** WHAT THE TASK ASKS **
When the string "Rightarrow" occurs in a line of the records, show that line.

Data extracted from a collection:
┄┄┄┄┄┄
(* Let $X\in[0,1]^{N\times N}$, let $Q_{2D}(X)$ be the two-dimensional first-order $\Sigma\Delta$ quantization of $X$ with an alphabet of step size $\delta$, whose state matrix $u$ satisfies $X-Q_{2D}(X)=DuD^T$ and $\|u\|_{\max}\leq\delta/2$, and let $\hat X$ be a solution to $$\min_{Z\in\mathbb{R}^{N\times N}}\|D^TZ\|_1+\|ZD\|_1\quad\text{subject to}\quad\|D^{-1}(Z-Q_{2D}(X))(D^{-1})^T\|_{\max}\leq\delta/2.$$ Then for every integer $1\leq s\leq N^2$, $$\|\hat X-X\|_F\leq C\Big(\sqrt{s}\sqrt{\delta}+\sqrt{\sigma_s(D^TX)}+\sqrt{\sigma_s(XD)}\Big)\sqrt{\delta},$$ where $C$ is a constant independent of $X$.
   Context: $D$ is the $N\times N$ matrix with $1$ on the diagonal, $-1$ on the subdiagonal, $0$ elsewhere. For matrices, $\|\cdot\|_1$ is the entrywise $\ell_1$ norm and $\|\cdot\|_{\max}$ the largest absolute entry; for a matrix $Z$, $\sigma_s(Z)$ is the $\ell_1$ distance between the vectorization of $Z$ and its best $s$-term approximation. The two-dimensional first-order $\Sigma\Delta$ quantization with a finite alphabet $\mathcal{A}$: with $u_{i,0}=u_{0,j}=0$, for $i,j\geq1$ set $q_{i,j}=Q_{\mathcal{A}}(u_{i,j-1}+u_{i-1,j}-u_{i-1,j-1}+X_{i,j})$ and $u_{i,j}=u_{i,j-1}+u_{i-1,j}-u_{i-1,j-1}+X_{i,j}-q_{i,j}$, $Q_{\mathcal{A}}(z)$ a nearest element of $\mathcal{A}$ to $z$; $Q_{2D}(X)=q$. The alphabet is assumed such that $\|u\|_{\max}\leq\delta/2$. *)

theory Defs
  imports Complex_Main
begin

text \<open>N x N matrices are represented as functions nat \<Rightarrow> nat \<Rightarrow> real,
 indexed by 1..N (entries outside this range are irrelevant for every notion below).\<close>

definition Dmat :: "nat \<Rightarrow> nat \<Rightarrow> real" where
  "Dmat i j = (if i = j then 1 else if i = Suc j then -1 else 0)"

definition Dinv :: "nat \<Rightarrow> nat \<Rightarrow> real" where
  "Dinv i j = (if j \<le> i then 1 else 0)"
┄┄┄┄┄┄
** ANSWER BELOW **
text \<open>N x N matrices are represented as functions nat \<Rightarrow> nat \<Rightarrow> real,
definition Dmat :: "nat \<Rightarrow> nat \<Rightarrow> real" where
definition Dinv :: "nat \<Rightarrow> nat \<Rightarrow> real" where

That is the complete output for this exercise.